── INFORMATION SHOWN

(* Let $\Gamma = \{(x,y) \in \mathbb{R}^2 : y^2 = x^3 - x^2,\ x \neq 0\} \cup \{O\} \subset \mathbb{RP}^2$, where $O$ is the point at infinity lying on all lines parallel to the $y$-axis (and on the line at infinity). Define $\phi : \mathbb{R}/\mathbb{Z} \to \Gamma$ by $\phi(0) = O$ and, for $x \neq 0$, $\phi(x) = \left(\cot(\pi x)^2 + 1,\ \cot(\pi x)(\cot(\pi x)^2 + 1)\right)$. Then $\phi$ is a well-defined bijection, and for any three distinct elements $x, y, z \in \mathbb{R}/\mathbb{Z}$, the points $\phi(x), \phi(y), \phi(z)$ are collinear in $\mathbb{RP}^2$ if and only if $x + y + z = 0$ in $\mathbb{R}/\mathbb{Z}$. *)

theory Defs
  imports Complex_Main
begin

text \<open>Points of the real projective plane relevant here: an affine point
  Some (x,y) = [x : y : 1], and None = O = [0 : 1 : 0], the point at infinity
  in the direction of the y-axis.\<close>
type_synonym pt = "(real \<times> real) option"

definition hom :: "pt \<Rightarrow> real \<times> real \<times> real" where
  "hom P = (case P of None \<Rightarrow> (0, 1, 0) | Some (x, y) \<Rightarrow> (x, y, 1))"

definition det3 :: "real \<times> real \<times> real \<Rightarrow> real \<times> real \<times> real \<Rightarrow> real \<times> real \<times> real \<Rightarrow> real" where
  "det3 u v w = (case u of (a1, a2, a3) \<Rightarrow> case v of (b1, b2, b3) \<Rightarrow> case w of (c1, c2, c3) \<Rightarrow>
      a1 * (b2 * c3 - b3 * c2) - a2 * (b1 * c3 - b3 * c1) + a3 * (b1 * c2 - b2 * c1))"

definition collinear_proj :: "pt \<Rightarrow> pt \<Rightarrow> pt \<Rightarrow> bool" where
  "collinear_proj P Q R \<longleftrightarrow> det3 (hom P) (hom Q) (hom R) = 0"

definition Gamma :: "pt set" where
  "Gamma = {Some (x, y) | x y. y\<^sup>2 = x ^ 3 - x\<^sup>2 \<and> x \<noteq> 0} \<union> {None}"

text \<open>phi on representatives x in R of R/Z.\<close>
definition phi :: "real \<Rightarrow> pt" where
  "phi x = (if x \<in> \<int> then None
            else Some ((cot (pi * x))\<^sup>2 + 1, cot (pi * x) * ((cot (pi * x))\<^sup>2 + 1)))"

end

theory Submission
  imports Defs
begin

text \<open>The line \<open>y = t x\<close> through the isolated point \<open>(0,0)\<close> meets \<open>\<Gamma>\<close> in exactly one
  further point, \<open>(t\<^sup>2 + 1, t (t\<^sup>2 + 1))\<close>; this rational parametrization identifies
  \<open>\<Gamma> - {O}\<close> with the real line, and \<open>\<phi>\<close> is the parametrization composed with
  \<open>t = cot (\<pi> x)\<close>, with \<open>O\<close> playing the role of \<open>t = \<infinity>\<close>. A determinant computation shows
  that three points with distinct parameters \<open>a, b, c\<close> are collinear iff \<open>ab + bc + ca = 1\<close>,
  and the identity \<open>sin (\<alpha> + \<beta> + \<gamma>) = sin \<alpha> sin \<beta> sin \<gamma> (cot \<alpha> cot \<beta> + cot \<beta> cot \<gamma> + cot \<gamma> cot \<alpha> - 1)\<close>
  turns this into \<open>x + y + z \<in> \<int>\<close>. Lines through \<open>O\<close> are vertical, and the vertical line
  through the point with parameter \<open>a\<close> meets \<open>\<Gamma>\<close> again exactly at parameter \<open>-a\<close>,
  i.e. at \<open>-x\<close>.\<close>

lemma sin_pi_times_eq_0_iff: "sin (pi * x) = 0 \<longleftrightarrow> x \<in> \<int>"
  using sin_times_pi_eq_0[of x] by (simp add: mult.commute)

lemma cot_pi_times_eq_iff:
  assumes "x \<notin> \<int>" "y \<notin> \<int>"
  shows "cot (pi * x) = cot (pi * y) \<longleftrightarrow> x - y \<in> \<int>"
proof -
  have "sin (pi * x) \<noteq> 0" "sin (pi * y) \<noteq> 0"
    using assms by (simp_all add: sin_pi_times_eq_0_iff)
  then have "cot (pi * x) = cot (pi * y) \<longleftrightarrow> sin (pi * x) * cos (pi * y) - cos (pi * x) * sin (pi * y) = 0"
    by (auto simp: cot_def field_simps)
  also have "\<dots> \<longleftrightarrow> sin (pi * (x - y)) = 0"
    by (simp add: right_diff_distrib sin_diff)
  finally show ?thesis
    by (simp add: sin_pi_times_eq_0_iff)
qed

lemma cot_pi_times_surj: "\<exists>x. x \<notin> \<int> \<and> cot (pi * x) = t"
proof -
  define x where "x = 1/2 - arctan t / pi"
  have "0 < x" "x < 1"
    using arctan_bounded[of t] pi_gt_zero unfolding x_def by (auto simp: field_simps)
  then have "x \<notin> \<int>"
    by (auto elim!: Ints_cases)
  moreover have "pi * x = pi / 2 - arctan t"
    unfolding x_def by (simp add: field_simps)
  then have "cot (pi * x) = t"
    by (simp add: cot_def sin_diff cos_diff) (metis tan_arctan tan_def)
  ultimately show ?thesis
    by blast
qed

lemma sin_add3_eq_cot:
  assumes "sin a \<noteq> 0" "sin b \<noteq> 0" "sin c \<noteq> 0"
  shows "sin (a + b + c) = sin a * sin b * sin c * (cot a * cot b + cot b * cot c + cot c * cot a - 1)"
  using assms by (simp add: cot_def sin_add cos_add field_simps)

lemma cot_pi_times_sum_eq_1_iff:
  assumes "x \<notin> \<int>" "y \<notin> \<int>" "z \<notin> \<int>"
  shows "cot (pi * x) * cot (pi * y) + cot (pi * y) * cot (pi * z) + cot (pi * z) * cot (pi * x) = 1
           \<longleftrightarrow> x + y + z \<in> \<int>"
proof -
  have "sin (pi * x) \<noteq> 0" "sin (pi * y) \<noteq> 0" "sin (pi * z) \<noteq> 0"
    using assms by (simp_all add: sin_pi_times_eq_0_iff)
  then have "sin (pi * (x + y + z)) = 0 \<longleftrightarrow>
      cot (pi * x) * cot (pi * y) + cot (pi * y) * cot (pi * z) + cot (pi * z) * cot (pi * x) = 1"
    using sin_add3_eq_cot[of "pi * x" "pi * y" "pi * z"] by (simp add: distrib_left)
  then show ?thesis
    by (simp add: sin_pi_times_eq_0_iff)
qed

definition nodal_point :: "real \<Rightarrow> pt" where
  "nodal_point t = Some (t\<^sup>2 + 1, t * (t\<^sup>2 + 1))"

lemma square_plus_one_pos: "0 < (t::real)\<^sup>2 + 1"
  using zero_le_power2[of t] by linarith

lemma nodal_point_inj: "inj nodal_point"
proof (rule inj_on_inverseI)
  show "snd (the (nodal_point t)) / fst (the (nodal_point t)) = t" for t
    using square_plus_one_pos[of t] by (simp add: nodal_point_def)
qed

lemma nodal_point_in_Gamma: "nodal_point t \<in> Gamma"
proof -
  have "(t * (t\<^sup>2 + 1))\<^sup>2 = (t\<^sup>2 + 1) ^ 3 - (t\<^sup>2 + 1)\<^sup>2"
    by (simp add: algebra_simps power2_eq_square power3_eq_cube)
  moreover have "t\<^sup>2 + 1 \<noteq> 0"
    using square_plus_one_pos[of t] by simp
  ultimately show ?thesis
    unfolding Gamma_def nodal_point_def by blast
qed

lemma Gamma_eq_range_nodal_point: "Gamma = insert None (range nodal_point)"
proof (intro equalityI subsetI)
  fix P assume "P \<in> Gamma"
  then consider "P = None" | X Y where "P = Some (X, Y)" "Y\<^sup>2 = X ^ 3 - X\<^sup>2" "X \<noteq> 0"
    unfolding Gamma_def by auto
  then show "P \<in> insert None (range nodal_point)"
  proof cases
    case 2
    define t where "t = Y / X"
    have "Y\<^sup>2 / X\<^sup>2 = X - 1"
      using 2 by (simp add: field_simps power2_eq_square power3_eq_cube)
    then have "t\<^sup>2 + 1 = X"
      by (simp add: t_def power_divide)
    moreover have "t * X = Y"
      using 2 by (simp add: t_def)
    ultimately have "P = nodal_point t"
      using 2 by (simp add: nodal_point_def)
    then show ?thesis
      by blast
  qed simp
next
  fix P assume "P \<in> insert None (range nodal_point)"
  then show "P \<in> Gamma"
    using nodal_point_in_Gamma by (auto simp: Gamma_def)
qed

lemma det3_cyclic: "det3 u v w = det3 v w u"
  by (cases u rule: prod_cases3, cases v rule: prod_cases3, cases w rule: prod_cases3)
     (simp add: det3_def algebra_simps)

lemma collinear_proj_cyclic: "collinear_proj P Q R \<longleftrightarrow> collinear_proj Q R P"
  unfolding collinear_proj_def by (rule arg_cong[where f = "\<lambda>d. d = 0"], rule det3_cyclic)

lemma collinear_nodal_points_iff:
  assumes "a \<noteq> b" "b \<noteq> c" "c \<noteq> a"
  shows "collinear_proj (nodal_point a) (nodal_point b) (nodal_point c) \<longleftrightarrow> a * b + b * c + c * a = 1"
proof -
  have "det3 (hom (nodal_point a)) (hom (nodal_point b)) (hom (nodal_point c))
      = (a - b) * (b - c) * (c - a) * (a * b + b * c + c * a - 1)"
    by (simp add: det3_def hom_def nodal_point_def) (simp add: algebra_simps power2_eq_square)
  then have "collinear_proj (nodal_point a) (nodal_point b) (nodal_point c)
      \<longleftrightarrow> (a - b) * (b - c) * (c - a) * (a * b + b * c + c * a - 1) = 0"
    by (simp only: collinear_proj_def)
  also have "\<dots> \<longleftrightarrow> a * b + b * c + c * a = 1"
    using assms by simp
  finally show ?thesis .
qed

lemma collinear_nodal_points_None_iff:
  assumes "a \<noteq> b"
  shows "collinear_proj (nodal_point a) (nodal_point b) None \<longleftrightarrow> a = - b"
proof -
  have "det3 (hom (nodal_point a)) (hom (nodal_point b)) (hom None) = b\<^sup>2 - a\<^sup>2"
    by (simp add: det3_def hom_def nodal_point_def)
  then show ?thesis
    using assms by (auto simp: collinear_proj_def power2_eq_iff)
qed

lemma phi_eq_nodal_point: "phi x = (if x \<in> \<int> then None else nodal_point (cot (pi * x)))"
  by (simp add: phi_def nodal_point_def)

lemma phi_eq_iff: "phi x = phi y \<longleftrightarrow> x - y \<in> \<int>"
proof (cases "x \<in> \<int>"; cases "y \<in> \<int>")
  assume "x \<notin> \<int>" "y \<notin> \<int>"
  then show ?thesis
    by (simp add: phi_eq_nodal_point inj_eq[OF nodal_point_inj] cot_pi_times_eq_iff)
qed (auto simp: phi_eq_nodal_point nodal_point_def)

lemma range_phi: "range phi = Gamma"
proof -
  have "nodal_point t \<in> range phi" for t
  proof -
    obtain x where "x \<notin> \<int>" "cot (pi * x) = t"
      using cot_pi_times_surj by blast
    then have "phi x = nodal_point t"
      by (simp add: phi_eq_nodal_point)
    then show ?thesis
      by (metis rangeI)
  qed
  moreover have "phi 0 = None"
    by (simp add: phi_def)
  ultimately have "insert None (range nodal_point) \<subseteq> range phi"
    by (metis image_subsetI insert_subset rangeI)
  moreover have "range phi \<subseteq> insert None (range nodal_point)"
    by (auto simp: phi_eq_nodal_point)
  ultimately show ?thesis
    unfolding Gamma_eq_range_nodal_point by blast
qed

lemma collinear_phi_O_iff:
  assumes "z \<in> \<int>" "x \<notin> \<int>" "y \<notin> \<int>" "x - y \<notin> \<int>"
  shows "collinear_proj (phi x) (phi y) (phi z) \<longleftrightarrow> x + y + z \<in> \<int>"
proof -
  have "- y \<notin> \<int>" "cot (pi * x) \<noteq> cot (pi * y)"
    using assms by (simp_all add: cot_pi_times_eq_iff)
  then have "collinear_proj (phi x) (phi y) (phi z) \<longleftrightarrow> cot (pi * x) = cot (pi * - y)"
    using assms by (simp add: phi_eq_nodal_point collinear_nodal_points_None_iff)
  also have "\<dots> \<longleftrightarrow> x + y \<in> \<int>"
    using cot_pi_times_eq_iff[of x "- y"] assms \<open>- y \<notin> \<int>\<close> by (simp del: cot_minus)
  finally show ?thesis
    using assms by simp
qed

lemma collinear_phi_affine_iff:
  assumes "x \<notin> \<int>" "y \<notin> \<int>" "z \<notin> \<int>" "x - y \<notin> \<int>" "y - z \<notin> \<int>" "z - x \<notin> \<int>"
  shows "collinear_proj (phi x) (phi y) (phi z) \<longleftrightarrow> x + y + z \<in> \<int>"
proof -
  have "cot (pi * x) \<noteq> cot (pi * y)" "cot (pi * y) \<noteq> cot (pi * z)" "cot (pi * z) \<noteq> cot (pi * x)"
    using assms cot_pi_times_eq_iff by blast+
  then show ?thesis
    using assms(1-3)
    by (simp add: phi_eq_nodal_point collinear_nodal_points_iff cot_pi_times_sum_eq_1_iff)
qed

lemma collinear_phi_iff:
  assumes "x - y \<notin> \<int>" "y - z \<notin> \<int>" "x - z \<notin> \<int>"
  shows "collinear_proj (phi x) (phi y) (phi z) \<longleftrightarrow> x + y + z \<in> \<int>"
proof -
  have "z - x \<notin> \<int>"
    using assms(3) by (metis minus_diff_eq minus_in_Ints_iff)
  consider "z \<in> \<int>" | "x \<in> \<int>" | "y \<in> \<int>" | "x \<notin> \<int>" "y \<notin> \<int>" "z \<notin> \<int>"
    by blast
  then show ?thesis
  proof cases
    case 1
    then show ?thesis
      using assms by (intro collinear_phi_O_iff) auto
  next
    case 2
    then have "collinear_proj (phi y) (phi z) (phi x) \<longleftrightarrow> y + z + x \<in> \<int>"
      using assms by (intro collinear_phi_O_iff) auto
    then show ?thesis
      by (simp add: collinear_proj_cyclic[of "phi x"] add_ac)
  next
    case 3
    then have "collinear_proj (phi z) (phi x) (phi y) \<longleftrightarrow> z + x + y \<in> \<int>"
      using assms \<open>z - x \<notin> \<int>\<close> by (intro collinear_phi_O_iff) auto
    then show ?thesis
      by (simp add: collinear_proj_cyclic[of "phi z"] add_ac)
  next
    case 4
    then show ?thesis
      using assms \<open>z - x \<notin> \<int>\<close> by (intro collinear_phi_affine_iff) auto
  qed
qed

theorem proposition4:
  shows "(\<forall>x y. x - y \<in> \<int> \<longrightarrow> phi x = phi y)
       \<and> (\<forall>x y. phi x = phi y \<longrightarrow> x - y \<in> \<int>)
       \<and> range phi = Gamma
       \<and> (\<forall>x y z. x - y \<notin> \<int> \<and> y - z \<notin> \<int> \<and> x - z \<notin> \<int> \<longrightarrow>
            (collinear_proj (phi x) (phi y) (phi z) \<longleftrightarrow> x + y + z \<in> \<int>))"
  by (simp add: phi_eq_iff range_phi collinear_phi_iff)

end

────

WHAT YOU WILL DO: Copy out the lines of the data where the string "with" occurs.

ANSWER BOX:
  \<open>\<Gamma> - {O}\<close> with the real line, and \<open>\<phi>\<close> is the parametrization composed with
  \<open>t = cot (\<pi> x)\<close>, with \<open>O\<close> playing the role of \<open>t = \<infinity>\<close>. A determinant computation shows
  that three points with distinct parameters \<open>a, b, c\<close> are collinear iff \<open>ab + bc + ca = 1\<close>,
  through the point with parameter \<open>a\<close> meets \<open>\<Gamma>\<close> again exactly at parameter \<open>-a\<close>,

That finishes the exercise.